Тем временем в моей душе все уже окончательно изменилось. Раскаяние исчезло из нее. Оно сменилось преступной дерзостью, которая и позволила мне с лицемерным спокойствием спросить у следователя:
— Вы, значит, все-таки считаете меня виновным?
— Извините, если я умолчу о личных своих убеждениях, — тем более что они составились лишь под наитием мгновенного чувства, — сказал совершенно серьезным тоном следователь. — Несомненно доказано и подтверждено, с соблюдением всех формальностей, какие только может требовать суд, что вы не монах Медард, так как этот Медард находится здесь. Отец Кирилл, обманутый сперва изумительным вашим сходством с этим монахом, при взгляде на него немедленно признал свою ошибку, да и этот капуцин даже не помышлял отрекаться от своего имени. Поэтому решительно все сложилось таким образом, чтобы очистить вас от всякого подозрения. Ввиду этого я считаю долгом верить, что вы и сами чувствуете себя совершенно невиновным.

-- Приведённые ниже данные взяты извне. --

(* Let $S$ be an inverse monoid and $\mathcal M$ a finite quasi-generating set for $S$. Then the action of $S$ on the presheaf of geodesic metric spaces $(S,d_{\mathcal M})$ over $E(S)$ (with projection $s\mapsto s^{-1}s$ and action given by right multiplication) is proper and cobounded.
   Context: An inverse monoid is a monoid $S$ (identity $1$) in which every $s$ has a unique $s^{-1}$ with $ss^{-1}s=s$, $s^{-1}ss^{-1}=s^{-1}$. $E(S)$ is its set of idempotents. Green's relation $\mathcal L$: $(s,t)\in\mathcal L$ iff $s^{-1}s=t^{-1}t$. A quasi-generating set is a subset $\mathcal M=\mathcal M^{-1}\subseteq S$ such that $S$ is generated as a semigroup by $\mathcal M\cup E(S)$. The Cayley metric: $d_{\mathcal M}(s,t)=\infty$ if $(s,t)\notin\mathcal L$, and otherwise the path distance from $s$ to $t$ in the graph on the $\mathcal L$-class of $s$ with $u,v$ joined by an edge of length 1 whenever $gu=v$ for some $g\in\mathcal M$. This makes $S$ a presheaf of metric spaces over $E(S)$: projection $p(s)=s^{-1}s$, fiber over $e$ the $\mathcal L$-class $\{s: s^{-1}s=e\}$, and $S$ acts on it by right multiplication. For an inverse monoid $S$ acting (on the right) on a presheaf of metric spaces $X$ over $E(S)$ with fibers $X_e$ and extended metric $d$ (infinite between different fibers): the action is proper if for every $y_1\in X_1$ and $R\ge0$ there is a finite $\mathcal C\subseteq S$ with $\{s\in S: d(y_1\cdot s, y_1\cdot s^{-1}s)\le R\}\subseteq\{ce: c\in\mathcal C, e\in E(S)\}$; it is cobounded if there exist $x_1\in X_1$ and $T\ge0$ such that every point of $X$ is of the form $y\cdot s$ with $s\in S$ and $d(x_1,y)\le T$. *)

theory Defs
  imports Main "HOL-Library.Extended_Real"
begin

definition inverse_monoid :: "'a::monoid_mult itself \<Rightarrow> bool" where
  "inverse_monoid _ \<longleftrightarrow> (\<forall>s::'a. \<exists>!t. s * t * s = s \<and> t * s * t = t)"

definition minv :: "'a::monoid_mult \<Rightarrow> 'a" where
  "minv s = (THE t. s * t * s = s \<and> t * s * t = t)"

definition idems :: "'a::monoid_mult set" where
  "idems = {e. e * e = e}"

definition greenL :: "'a::monoid_mult \<Rightarrow> 'a \<Rightarrow> bool" where
  "greenL s t \<longleftrightarrow> minv s * s = minv t * t"

inductive_set sgen :: "'a::monoid_mult set \<Rightarrow> 'a set" for A where
  base: "a \<in> A \<Longrightarrow> a \<in> sgen A"
| mult: "x \<in> sgen A \<Longrightarrow> y \<in> sgen A \<Longrightarrow> x * y \<in> sgen A"

definition quasi_generating :: "'a::monoid_mult set \<Rightarrow> bool" where
  "quasi_generating M \<longleftrightarrow> minv ` M = M \<and> sgen (M \<union> idems) = UNIV"

definition cayley_edge :: "'a::monoid_mult set \<Rightarrow> 'a \<Rightarrow> 'a \<Rightarrow> bool" where
  "cayley_edge M u v \<longleftrightarrow> (\<exists>g\<in>M. g * u = v \<or> g * v = u)"

definition cayley_path :: "'a::monoid_mult set \<Rightarrow> 'a \<Rightarrow> 'a \<Rightarrow> nat \<Rightarrow> bool" where
  "cayley_path M s t n \<longleftrightarrow> (\<exists>p::nat \<Rightarrow> 'a. p 0 = s \<and> p n = t \<and>
      (\<forall>i\<le>n. greenL s (p i)) \<and> (\<forall>i<n. cayley_edge M (p i) (p (Suc i))))"

definition cayley_dist :: "'a::monoid_mult set \<Rightarrow> 'a \<Rightarrow> 'a \<Rightarrow> ereal" where
  "cayley_dist M s t =
     (if greenL s t \<and> (\<exists>n. cayley_path M s t n)
      then ereal (real (LEAST n. cayley_path M s t n)) else \<infinity>)"

text \<open>Actions of an inverse monoid S (a type) on a presheaf of metric spaces X over E(S),
  given by a projection p : X \<Rightarrow> E(S), a right action act, and an extended metric d
  (infinite between different fibres).\<close>
definition proper_action ::
  "('x \<Rightarrow> 'a::monoid_mult) \<Rightarrow> ('x \<Rightarrow> 'a \<Rightarrow> 'x) \<Rightarrow> ('x \<Rightarrow> 'x \<Rightarrow> ereal) \<Rightarrow> bool" where
  "proper_action p act d \<longleftrightarrow>
     (\<forall>y1 R. p y1 = 1 \<and> R \<ge> 0 \<longrightarrow>
        (\<exists>C. finite C \<and>
          {s. d (act y1 s) (act y1 (minv s * s)) \<le> ereal R}
            \<subseteq> {c * e | c e. c \<in> C \<and> e \<in> idems}))"

definition cobounded_action ::
  "('x \<Rightarrow> 'a::monoid_mult) \<Rightarrow> ('x \<Rightarrow> 'a \<Rightarrow> 'x) \<Rightarrow> ('x \<Rightarrow> 'x \<Rightarrow> ereal) \<Rightarrow> bool" where
  "cobounded_action p act d \<longleftrightarrow>
     (\<exists>x1 T. p x1 = 1 \<and> T \<ge> 0 \<and>
        (\<forall>x. \<exists>y s. x = act y s \<and> d x1 y \<le> ereal T))"

end

theory Submission
  imports Defs "HOL-Library.Set_Algebras"
begin

text \<open>In an inverse monoid, an edge \<open>g a = b\<close> of the Cayley graph inside an \<open>\<L>\<close>-class can be
  traversed backwards as \<open>g\<^sup>-\<^sup>1 b = a\<close>, and \<open>\<M>\<close> is closed under inverses.  Hence a path of
  length \<open>n \<le> R\<close> from \<open>y\<^sub>1 s\<close> to \<open>y\<^sub>1 s\<^sup>-\<^sup>1s\<close> yields a word \<open>w\<close> of length \<open>n\<close> in \<open>\<M>\<close> with
  \<open>y\<^sub>1 s = w y\<^sub>1 s\<^sup>-\<^sup>1s\<close>, and since \<open>y\<^sub>1\<^sup>-\<^sup>1y\<^sub>1 = 1\<close>, \<open>s = (y\<^sub>1\<^sup>-\<^sup>1 w y\<^sub>1) s\<^sup>-\<^sup>1s\<close>.  The finitely many
  elements \<open>y\<^sub>1\<^sup>-\<^sup>1 w y\<^sub>1\<close> witness properness.  Coboundedness is trivial: \<open>x = 1 \<cdot> x\<close>.\<close>

context
  assumes inverse_monoid: "inverse_monoid TYPE('a::monoid_mult)"
begin

lemma minv_unique_ex: "\<exists>!t. s * t * s = s \<and> t * s * t = (t::'a)"
  using inverse_monoid unfolding inverse_monoid_def by blast

lemma mult_minv_mult [simp]: "(s::'a) * minv s * s = s"
  and minv_mult_minv [simp]: "minv s * s * minv s = minv (s::'a)"
  using theI'[OF minv_unique_ex[of s]] unfolding minv_def by auto

lemma minv_eqI: "(s::'a) * t * s = s \<Longrightarrow> t * s * t = t \<Longrightarrow> minv s = t"
  unfolding minv_def using minv_unique_ex by (simp add: the1_equality)

lemma minv_idem: "(e::'a) * e = e \<Longrightarrow> minv e = e"
  by (rule minv_eqI) simp_all

lemma minv_mult_self_idem: "(minv s * s) * (minv s * s) = minv s * (s::'a)"
  and mult_minv_self_idem: "(s * minv s) * (s * minv s) = s * minv (s::'a)"
  by (simp_all flip: mult.assoc)

lemma idem_mult_idem:
  assumes e: "(e::'a) * e = e" and f: "f * f = f"
  shows "(e * f) * (e * f) = e * f"
proof -
  have ee: "e * (e * z) = e * z" and ff: "f * (f * z) = f * z" for z
    using e f by (simp_all flip: mult.assoc)
  define x where "x = minv (e * f)"
  have x1: "(e * f) * x * (e * f) = e * f" and x2: "x * (e * f) * x = x"
    unfolding x_def by simp_all
  text \<open>\<open>f x e\<close> is also an inverse of \<open>e f\<close>, so \<open>x = f x e\<close>, which makes \<open>x\<close> idempotent.\<close>
  have "minv (e * f) = f * x * e"
  proof (rule minv_eqI)
    show "e * f * (f * x * e) * (e * f) = e * f"
      using x1 by (simp add: mult.assoc ee ff)
    have "f * x * e * (e * f) * (f * x * e) = f * (x * (e * f) * x) * e"
      by (simp add: mult.assoc ee ff)
    then show "f * x * e * (e * f) * (f * x * e) = f * x * e"
      using x2 by simp
  qed
  then have x_eq: "x = f * x * e"
    unfolding x_def .
  have "x * x = f * (x * (e * f) * x) * e"
    using x_eq by (metis mult.assoc)
  also have "\<dots> = x"
    using x2 x_eq by (simp add: mult.assoc)
  finally have idem_x: "x * x = x" .
  then have "minv x = x"
    by (rule minv_idem)
  moreover have "minv x = e * f"
    using x1 x2 by (intro minv_eqI) (simp_all add: mult.assoc)
  ultimately show ?thesis
    using idem_x by simp
qed

lemma idem_commute:
  assumes e: "(e::'a) * e = e" and f: "f * f = f"
  shows "e * f = f * e"
proof -
  have ee: "e * (e * z) = e * z" and ff: "f * (f * z) = f * z" for z
    using e f by (simp_all flip: mult.assoc)
  have "minv (e * f) = e * f"
    using idem_mult_idem[OF e f] by (rule minv_idem)
  moreover have "minv (e * f) = f * e"
    using idem_mult_idem[OF e f] idem_mult_idem[OF f e]
    by (intro minv_eqI) (simp_all add: mult.assoc ee ff)
  ultimately show ?thesis
    by simp
qed

lemma minv_mult: "minv ((a::'a) * b) = minv b * minv a"
proof (rule minv_eqI)
  have comm: "(b * minv b) * (minv a * a) = (minv a * a) * (b * minv b)"
    using idem_commute minv_mult_self_idem mult_minv_self_idem by blast
  have "a * b * (minv b * minv a) * (a * b) = a * ((b * minv b) * (minv a * a)) * b"
    by (simp add: mult.assoc)
  also have "\<dots> = (a * minv a * a) * (b * minv b * b)"
    using comm by (simp add: mult.assoc)
  finally show "a * b * (minv b * minv a) * (a * b) = a * b"
    by simp
  have "minv b * minv a * (a * b) * (minv b * minv a)
      = minv b * ((minv a * a) * (b * minv b)) * minv a"
    by (simp add: mult.assoc)
  also have "\<dots> = minv b * ((b * minv b) * (minv a * a)) * minv a"
    by (simp only: comm)
  also have "\<dots> = (minv b * b * minv b) * (minv a * a * minv a)"
    by (simp add: mult.assoc)
  finally show "minv b * minv a * (a * b) * (minv b * minv a) = minv b * minv a"
    by simp
qed

lemma greenL_left_mult_cancel:
  assumes gab: "(g::'a) * a = b" and L: "greenL a b"
  shows "minv g * b = a"
proof -
  define f where "f = minv g * g"
  have comm: "(a * minv a) * f = f * (a * minv a)"
    unfolding f_def using idem_commute minv_mult_self_idem mult_minv_self_idem by blast
  have "a = a * minv a * a"
    by simp
  also have "\<dots> = a * (minv b * b)"
    using L unfolding greenL_def by (simp add: mult.assoc)
  also have "\<dots> = (a * minv a) * f * a"
    by (simp add: gab[symmetric] minv_mult f_def mult.assoc)
  also have "\<dots> = f * (a * minv a * a)"
    using comm by (simp add: mult.assoc)
  finally have "a = f * a"
    by simp
  then show ?thesis
    using gab by (simp add: f_def mult.assoc)
qed

end

lemma greenL_sym: "greenL s t \<Longrightarrow> greenL t s"
  and greenL_trans: "greenL s t \<Longrightarrow> greenL t u \<Longrightarrow> greenL s u"
  unfolding greenL_def by simp_all

lemma cayley_edge_left_factor:
  assumes "inverse_monoid TYPE('a::monoid_mult)" and "minv ` M \<subseteq> M"
    and "cayley_edge M u v" and "greenL u (v::'a)"
  shows "\<exists>g\<in>M. u = g * v"
proof -
  obtain g where "g \<in> M" and "g * u = v \<or> g * v = u"
    using assms(3) unfolding cayley_edge_def by blast
  then consider "g * v = u" | "minv g * v = u"
    using greenL_left_mult_cancel[OF assms(1) _ assms(4)] by blast
  then show ?thesis
    using \<open>g \<in> M\<close> assms(2) by cases force+
qed

lemma cayley_path_left_factor:
  assumes "inverse_monoid TYPE('a::monoid_mult)" and "minv ` M \<subseteq> M"
    and "cayley_path M u (v::'a) n"
  shows "\<exists>w\<in>M ^ n. u = w * v"
proof -
  obtain p where p0: "p 0 = u" and pn: "p n = v" and L: "\<forall>i\<le>n. greenL u (p i)"
    and E: "\<forall>i<n. cayley_edge M (p i) (p (Suc i))"
    using assms(3) unfolding cayley_path_def by blast
  have "\<exists>w\<in>M ^ i. u = w * p i" if "i \<le> n" for i
    using that
  proof (induction i)
    case 0
    then show ?case
      using p0 by simp
  next
    case (Suc i)
    then obtain w where w: "w \<in> M ^ i" "u = w * p i"
      by auto
    have "greenL (p i) (p (Suc i))"
      using L Suc.prems by (meson Suc_leD greenL_sym greenL_trans)
    moreover have "cayley_edge M (p i) (p (Suc i))"
      using E Suc.prems by simp
    ultimately obtain g where "g \<in> M" "p i = g * p (Suc i)"
      using cayley_edge_left_factor[OF assms(1,2)] by blast
    then have "w * g \<in> M ^ Suc i" "u = (w * g) * p (Suc i)"
      using w unfolding power_Suc2 by (auto simp: mult.assoc)
    then show ?case
      by blast
  qed
  then show ?thesis
    using pn by blast
qed

lemma cayley_dist_le_left_factor:
  assumes "inverse_monoid TYPE('a::monoid_mult)" and "minv ` M \<subseteq> M"
    and "cayley_dist M u (v::'a) \<le> ereal (real N)"
  shows "\<exists>k\<le>N. \<exists>w\<in>M ^ k. u = w * v"
proof -
  have ex: "\<exists>n. cayley_path M u v n"
    using assms(3) unfolding cayley_dist_def by (auto split: if_splits)
  define n where "n = (LEAST n. cayley_path M u v n)"
  have "cayley_path M u v n"
    unfolding n_def using ex by (rule LeastI_ex)
  moreover have "n \<le> N"
    using assms(3) ex unfolding cayley_dist_def n_def by (auto split: if_splits)
  ultimately show ?thesis
    using cayley_path_left_factor[OF assms(1,2)] by blast
qed

lemma cayley_dist_self: "cayley_dist M s s = 0"
proof -
  have path: "cayley_path M s s 0"
    unfolding cayley_path_def greenL_def by (rule exI[of _ "\<lambda>_. s"]) simp
  then have "(LEAST n. cayley_path M s s n) = 0"
    by (simp add: Least_eq_0)
  with path show ?thesis
    unfolding cayley_dist_def greenL_def by (auto simp: zero_ereal_def)
qed

lemma finite_set_power: "finite M \<Longrightarrow> finite (M ^ k)" for M :: "'a::monoid_mult set"
  by (induction k) (simp_all add: finite_set_times)

lemma proper_action_cayley_dist:
  assumes IM: "inverse_monoid TYPE('a::monoid_mult)" and "finite M" and "minv ` M \<subseteq> M"
  shows "proper_action (\<lambda>s::'a. minv s * s) (\<lambda>y s. y * s) (cayley_dist M)"
  unfolding proper_action_def
proof (intro allI impI)
  fix y1 :: 'a and R :: real
  assume y1R: "minv y1 * y1 = 1 \<and> 0 \<le> R"
  define C where "C = (\<lambda>w. minv y1 * w * y1) ` (\<Union>k\<le>nat \<lceil>R\<rceil>. M ^ k)"
  have "finite C"
    unfolding C_def using finite_set_power[OF assms(2)] by blast
  moreover have "s \<in> {c * e |c e. c \<in> C \<and> e \<in> idems}"
    if "cayley_dist M (y1 * s) (y1 * (minv s * s)) \<le> ereal R" for s
  proof -
    have "ereal R \<le> ereal (real (nat \<lceil>R\<rceil>))"
      by simp linarith
    with that have "cayley_dist M (y1 * s) (y1 * (minv s * s)) \<le> ereal (real (nat \<lceil>R\<rceil>))"
      by (rule order.trans)
    then obtain k w where "k \<le> nat \<lceil>R\<rceil>" "w \<in> M ^ k" "y1 * s = w * (y1 * (minv s * s))"
      using cayley_dist_le_left_factor[OF IM assms(3)] by blast
    moreover have "s = minv y1 * (y1 * s)"
      using y1R by (simp flip: mult.assoc)
    ultimately have "minv y1 * w * y1 \<in> C" "s = (minv y1 * w * y1) * (minv s * s)"
      unfolding C_def by (auto simp: mult.assoc)
    then show ?thesis
      using minv_mult_self_idem[OF IM] unfolding idems_def by blast
  qed
  ultimately show "\<exists>C. finite C \<and> {s. cayley_dist M (y1 * s) (y1 * (minv s * s)) \<le> ereal R}
      \<subseteq> {c * e |c e. c \<in> C \<and> e \<in> idems}"
    by blast
qed

lemma cobounded_action_cayley_dist:
  assumes "inverse_monoid TYPE('a::monoid_mult)"
  shows "cobounded_action (\<lambda>s::'a. minv s * s) (\<lambda>y s. y * s) (cayley_dist M)"
proof -
  have "\<forall>x::'a. x = 1 * x \<and> cayley_dist M 1 1 \<le> ereal 0"
    by (simp add: cayley_dist_self zero_ereal_def)
  moreover have "minv 1 * 1 = (1::'a)"
    using minv_idem[OF assms, of 1] by simp
  ultimately show ?thesis
    unfolding cobounded_action_def by blast
qed

theorem lemma2p3:
  fixes M :: "'a::monoid_mult set"
  assumes "inverse_monoid TYPE('a)"
    and "finite M"
    and "quasi_generating M"
  shows "proper_action (\<lambda>s::'a. minv s * s) (\<lambda>y s. y * s) (cayley_dist M)
       \<and> cobounded_action (\<lambda>s::'a. minv s * s) (\<lambda>y s. y * s) (cayley_dist M)"
proof
  have "minv ` M \<subseteq> M"
    using assms(3) unfolding quasi_generating_def by simp
  then show "proper_action (\<lambda>s::'a. minv s * s) (\<lambda>y s. y * s) (cayley_dist M)"
    using proper_action_cayley_dist assms(1,2) by blast
  show "cobounded_action (\<lambda>s::'a. minv s * s) (\<lambda>y s. y * s) (cayley_dist M)"
    using cobounded_action_cayley_dist assms(1) by blast
qed

end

В это мгновенье подошел к следователю один из судебных приставов и сообщил, что его требуют к прокурору. Таким образом, разговор мой со следователем прервался как раз в ту минуту, когда начинал становиться для меня тягостным.
Вернувшись в свою квартиру, я нашел ее в том самом виде, в каком покинул. Арестованные бумаги мои были мне возвращены и лежали на письменном моем столе в запечатанном пакете. Бумажник графа Викторина, кольцо Евфимии и капуцинский веревочный пояс, однако, исчезли. Это выяснило основательность подозрений, явившихся у меня в тюрьме. Вскоре по моем возвращении герцог прислал мне с придворным лакеем золотую табакерку, осыпанную драгоценными каменьями, при собственноручной записке следующего содержания: «Вас, господин фон Кржчинский, очень обидели, но я лично, равно как и судебное мое ведомство, нисколько в этом не виноваты. Дело в том, что вы как две капли воды походите на очень нехорошего человека. Теперь, однако, все разъяснилось самым удовлетворительным для вас образом. Посылая вам вещественное доказательство моего благоволения, надеюсь вскоре с вами свидеться». Я остался совершенно равнодушен к благоволению герцога и к его подарку. Тюремное заключение оставило во мне мрачную меланхолию, и, кроме того, я чувствовал себя совершенно больным. Поэтому мне было очень приятно посещение герцогского лейб-медика. Расспросив меня о состоянии моего здоровья и прописав лекарство, которое считал для меня необходимым, он заметил:
— Какое, однако, странное совпадение! В то самое мгновенье, когда все были уже убеждены в вашей тождественности с этим ужасным монахом, учинившим столько злодеяний в семье барона Ф., этот монах является волею судеб сюда, как бы нарочно, чтобы снять с вас всякое подозрение.
— Представьте себе, что я до сих пор еще не знаю всех обстоятельств, побудивших освободить меня из тюрьмы. Судебный следователь сообщил мне только, что капуцин Медард, которого разыскивали и за которого меня принимали, благополучно найден.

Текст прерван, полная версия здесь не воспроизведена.